**Problem to solve**
Within the entries below, find the portion that opens with the line containing "s \<partial>lborel) \<in>" and closes with the line containing "e) has_integral T". Retype that portion exactly and only.

--

lemma nn_integral_le_rearr:
  fixes f :: "'a::euclidean_space \<Rightarrow> real"
  assumes f[measurable]: "f \<in> borel_measurable lborel" and E[measurable]: "E \<in> sets lborel"
    and E_le: "emeasure lborel E \<le> ennreal t" and t: "0 \<le> t"
  shows "(\<integral>\<^sup>+y\<in>E. ennreal \<bar>f y\<bar> \<partial>lborel) \<le> (\<integral>\<^sup>+s\<in>{0<..<t}. rearr f s \<partial>lborel)"
proof -
  have rearr_meas[measurable]: "rearr f \<in> borel_measurable borel"
    by (intro borel_measurable_real_monotone disjI2 antimono_rearr)
  have "(\<integral>\<^sup>+y\<in>E. ennreal \<bar>f y\<bar> \<partial>lborel)
      = (\<integral>\<^sup>+\<sigma>\<in>{0<..}. emeasure lborel {y. ennreal \<sigma> \<le> ennreal \<bar>f y\<bar> * indicator E y} \<partial>lborel)"
    by (subst nn_integral_layer_cake) (simp_all add: lborel.sigma_finite_measure_axioms)
  also have "\<dots> \<le> (\<integral>\<^sup>+\<sigma>\<in>{0<..}. emeasure lborel {s. ennreal \<sigma> \<le> rearr f s * indicator {0<..<t} s} \<partial>lborel)"
  proof (intro nn_integral_mono)
    fix \<sigma> :: real
    show "emeasure lborel {y. ennreal \<sigma> \<le> ennreal \<bar>f y\<bar> * indicator E y} * indicator {0<..} \<sigma>
        \<le> emeasure lborel {s. ennreal \<sigma> \<le> rearr f s * indicator {0<..<t} s} * indicator {0<..} \<sigma>"
    proof (cases "0 < \<sigma>")
      case True
      let ?\<mu> = "emeasure lborel {x. \<sigma> \<le> \<bar>f x\<bar>}"
      have "{y. ennreal \<sigma> \<le> ennreal \<bar>f y\<bar> * indicator E y} = E \<inter> {x. \<sigma> \<le> \<bar>f x\<bar>}"
        using True by (auto simp: indicator_def)
      also have "emeasure lborel \<dots> \<le> min (ennreal t) ?\<mu>"
      proof -
        have "emeasure lborel (E \<inter> {x. \<sigma> \<le> \<bar>f x\<bar>}) \<le> emeasure lborel E"
          using E by (intro emeasure_mono) auto
        moreover have "emeasure lborel (E \<inter> {x. \<sigma> \<le> \<bar>f x\<bar>}) \<le> ?\<mu>"
          by (intro emeasure_mono) auto
        ultimately show ?thesis using E_le by simp
      qed
      also have "\<dots> = emeasure lborel {s. 0 < s \<and> s < t \<and> ennreal s < ?\<mu>}"
        using t by (rule emeasure_lborel_less_min[symmetric])
      also have "\<dots> \<le> emeasure lborel {s. ennreal \<sigma> \<le> rearr f s * indicator {0<..<t} s}"
        by (intro emeasure_mono) (auto simp: ennreal_le_rearr)
      finally show ?thesis using True by simp
    qed simp
  qed
  also have "\<dots> = (\<integral>\<^sup>+s\<in>{0<..<t}. rearr f s \<partial>lborel)"
    by (subst nn_integral_layer_cake) (simp_all add: lborel.sigma_finite_measure_axioms)
  finally show ?thesis .
qed

lemma borel_measurable_rearr2 [measurable]: "rearr2 f \<in> borel_measurable borel"
proof -
  have "mono (\<lambda>t. \<integral>\<^sup>+s\<in>{0<..<t}. rearr f s \<partial>lborel)"
    by (auto simp: mono_def indicator_def intro!: nn_integral_mono)
  then have [measurable]: "(\<lambda>t. \<integral>\<^sup>+s\<in>{0<..<t}. rearr f s \<partial>lborel) \<in> borel_measurable borel"
    by (intro borel_measurable_real_monotone disjI1)
  show ?thesis unfolding rearr2_def[abs_def] by measurable
qed

lemma lorentz_norm_1:
  "lorentz_norm p 1 f = (\<integral>\<^sup>+t\<in>{0<..}. ennreal (t powr (1 / p)) * rearr2 f t * ennreal (1 / t) \<partial>lborel)"
proof -
  have "epowr z 1 = z" for z by (cases z) (simp_all add: epowr_def)
  then show ?thesis by (simp add: lorentz_norm_def)
qed

section \<open>Power integrals and a two-sided interpolation bound\<close>

lemma nn_integral_powr_greaterThan:
  assumes "0 < m" "e < -1"
  shows "(\<integral>\<^sup>+t\<in>{m<..}. ennreal (t powr e) \<partial>lborel) = ennreal (- (m powr (e + 1)) / (e + 1))"
proof -
  have "((\<lambda>t. t powr e) has_integral - (m powr (e + 1)) / (e + 1)) {m..}"
    by (rule has_integral_powr_to_inf) (use assms in auto)
  then have "((\<lambda>t. if t \<in> {m..} then t powr e else 0) has_integral - (m powr (e + 1)) / (e + 1)) UNIV"
    by (subst has_integral_restrict_UNIV)
  then have "(\<integral>\<^sup>+t. ennreal (if t \<in> {m..} then t powr e else 0) \<partial>lborel) = ennreal (- (m powr (e + 1)) / (e + 1))"
    by (intro nn_integral_has_integral_lborel) auto
  moreover have "(\<integral>\<^sup>+t\<in>{m<..}. ennreal (t powr e) \<partial>lborel) = (\<integral>\<^sup>+t. ennreal (if t \<in> {m..} then t powr e else 0) \<partial>lborel)"
    using AE_lborel_singleton[of m]
    by (intro nn_integral_cong_AE) (auto elim!: eventually_mono simp: indicator_def)
  ultimately show ?thesis by simp
qed

lemma nn_integral_powr_Ioc:
  assumes "-1 < e" "0 \<le> T"
  shows "(\<integral>\<^sup>+t\<in>{0<..T}. ennreal (t powr e) \<partial>lborel) = ennreal (T powr (e + 1) / (e + 1))"
proof -
  have "((\<lambda>t. t powr e) has_integral T powr (e + 1) / (e + 1)) {0..T}"
    by (rule has_integral_powr_from_0) (use assms in auto)
  then have "((\<lambda>t. if t \<in> {0..T} then t powr e else 0) has_integral T powr (e + 1) / (e + 1)) UNIV"
    by (subst has_integral_restrict_UNIV)
  then have "(\<integral>\<^sup>+t. ennreal (if t \<in> {0..T} then t powr e else 0) \<partial>lborel) = ennreal (T powr (e + 1) / (e + 1))"
    by (intro nn_integral_has_integral_lborel) auto
  moreover have "(\<integral>\<^sup>+t\<in>{0<..T}. ennreal (t powr e) \<partial>lborel) = (\<integral>\<^sup>+t. ennreal (if t \<in> {0..T} then t powr e else 0) \<partial>lborel)"
    using AE_lborel_singleton[of 0]
    by (intro nn_integral_cong_AE) (auto elim!: eventually_mono simp: indicator_def)
  ultimately show ?thesis by simp
qed

lemma ennreal_mult_mult:
  "0 \<le> a \<Longrightarrow> 0 \<le> b \<Longrightarrow> ennreal a * (ennreal b * z) = ennreal (a * b) * z"
  by (simp add: ennreal_mult mult.assoc)

lemma powr_balance:
  fixes m l e1 e2 :: real
  assumes m: "0 < m" and l: "0 < l" and e: "0 < e1" "0 < e2"
  defines "T \<equiv> (l / m) powr (1 / (e1 + e2))"
  shows "T powr e1 * m = m powr (e2 / (e1 + e2)) * l powr (e1 / (e1 + e2))"
    and "T powr (- e2) * l = m powr (e2 / (e1 + e2)) * l powr (e1 / (e1 + e2))"
proof -
  have s: "e2 / (e1 + e2) = 1 - e1 / (e1 + e2)" "e1 / (e1 + e2) = 1 - e2 / (e1 + e2)"
    using e by (simp_all add: field_simps)
  show "T powr e1 * m = m powr (e2 / (e1 + e2)) * l powr (e1 / (e1 + e2))"
    unfolding T_def s(1) using m l by (simp add: powr_powr powr_divide powr_diff field_simps)
  show "T powr (- e2) * l = m powr (e2 / (e1 + e2)) * l powr (e1 / (e1 + e2))"
    unfolding T_def s(2) using m l by (simp add: powr_powr powr_divide powr_diff powr_minus field_simps)
qed

lemma epowr_pos: "x \<noteq> 0 \<Longrightarrow> 0 < epowr x r"
  by (cases x) (auto simp: epowr_def)

lemma set_nn_integral_UN_eq_0:
  assumes [measurable]: "f \<in> borel_measurable M" "\<And>n::nat. A n \<in> sets M"
    and zero: "\<And>n. (\<integral>\<^sup>+x\<in>A n. f x \<partial>M) = 0"
  shows "(\<integral>\<^sup>+x\<in>(\<Union>n. A n). f x \<partial>M) = 0"
proof -
  have "AE x in M. x \<in> A n \<longrightarrow> f x = 0" for n
    using zero[of n] by (subst (asm) nn_integral_0_iff_AE) (auto elim!: eventually_mono split: split_indicator)
  then have "AE x in M. \<forall>n. x \<in> A n \<longrightarrow> f x = 0"
    by (simp only: AE_all_countable) blast
  then show ?thesis
    by (subst nn_integral_0_iff_AE) (auto elim!: eventually_mono split: split_indicator)
qed

lemma set_nn_integral_greaterThan_split:
  fixes \<Phi> :: "real \<Rightarrow> ennreal"
  assumes [measurable]: "\<Phi> \<in> borel_measurable borel" and T: "0 < T"
  shows "(\<integral>\<^sup>+t\<in>{0<..}. \<Phi> t \<partial>lborel) = (\<integral>\<^sup>+t\<in>{0<..T}. \<Phi> t \<partial>lborel) + (\<integral>\<^sup>+t\<in>{T<..}. \<Phi> t \<partial>lborel)"
proof -
  have "(\<integral>\<^sup>+t\<in>{0<..}. \<Phi> t \<partial>lborel) = (\<integral>\<^sup>+t. \<Phi> t * indicator {0<..T} t + \<Phi> t * indicator {T<..} t \<partial>lborel)"
    using T by (intro nn_integral_cong) (auto split: split_indicator)
  also have "\<dots> = (\<integral>\<^sup>+t\<in>{0<..T}. \<Phi> t \<partial>lborel) + (\<integral>\<^sup>+t\<in>{T<..}. \<Phi> t \<partial>lborel)"
    by (rule nn_integral_add) auto
  finally show ?thesis .
qed

lemma set_nn_integral_greaterThan_eq_0_Ioc:
  fixes \<Phi> :: "real \<Rightarrow> ennreal"
  assumes [measurable]: "\<Phi> \<in> borel_measurable borel"
    and zero: "\<And>T. 0 < T \<Longrightarrow> (\<integral>\<^sup>+t\<in>{0<..T}. \<Phi> t \<partial>lborel) = 0"
  shows "(\<integral>\<^sup>+t\<in>{0<..}. \<Phi> t \<partial>lborel) = 0"
proof -
  have "{0<..} = (\<Union>n. {0<..real (Suc n)})"
  proof safe
    fix t :: real assume "0 < t"
    obtain n where "t \<le> real n" using real_arch_simple by blast
    then show "t \<in> (\<Union>n. {0<..real (Suc n)})" using \<open>0 < t\<close> by (intro UN_I[of n]) auto
  qed auto
  then show ?thesis
    using zero by (simp only:) (intro set_nn_integral_UN_eq_0; simp)
qed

--

**Answer area**
  then have [measurable]: "(\<lambda>t. \<integral>\<^sup>+s\<in>{0<..<t}. rearr f s \<partial>lborel) \<in> borel_measurable borel"
    by (intro borel_measurable_real_monotone disjI1)
  show ?thesis unfolding rearr2_def[abs_def] by measurable
qed

lemma lorentz_norm_1:
  "lorentz_norm p 1 f = (\<integral>\<^sup>+t\<in>{0<..}. ennreal (t powr (1 / p)) * rearr2 f t * ennreal (1 / t) \<partial>lborel)"
proof -
  have "epowr z 1 = z" for z by (cases z) (simp_all add: epowr_def)
  then show ?thesis by (simp add: lorentz_norm_def)
qed

section \<open>Power integrals and a two-sided interpolation bound\<close>

lemma nn_integral_powr_greaterThan:
  assumes "0 < m" "e < -1"
  shows "(\<integral>\<^sup>+t\<in>{m<..}. ennreal (t powr e) \<partial>lborel) = ennreal (- (m powr (e + 1)) / (e + 1))"
proof -
  have "((\<lambda>t. t powr e) has_integral - (m powr (e + 1)) / (e + 1)) {m..}"
    by (rule has_integral_powr_to_inf) (use assms in auto)
  then have "((\<lambda>t. if t \<in> {m..} then t powr e else 0) has_integral - (m powr (e + 1)) / (e + 1)) UNIV"
    by (subst has_integral_restrict_UNIV)
  then have "(\<integral>\<^sup>+t. ennreal (if t \<in> {m..} then t powr e else 0) \<partial>lborel) = ennreal (- (m powr (e + 1)) / (e + 1))"
    by (intro nn_integral_has_integral_lborel) auto
  moreover have "(\<integral>\<^sup>+t\<in>{m<..}. ennreal (t powr e) \<partial>lborel) = (\<integral>\<^sup>+t. ennreal (if t \<in> {m..} then t powr e else 0) \<partial>lborel)"
    using AE_lborel_singleton[of m]
    by (intro nn_integral_cong_AE) (auto elim!: eventually_mono simp: indicator_def)
  ultimately show ?thesis by simp
qed

lemma nn_integral_powr_Ioc:
  assumes "-1 < e" "0 \<le> T"
  shows "(\<integral>\<^sup>+t\<in>{0<..T}. ennreal (t powr e) \<partial>lborel) = ennreal (T powr (e + 1) / (e + 1))"
proof -
  have "((\<lambda>t. t powr e) has_integral T powr (e + 1) / (e + 1)) {0..T}"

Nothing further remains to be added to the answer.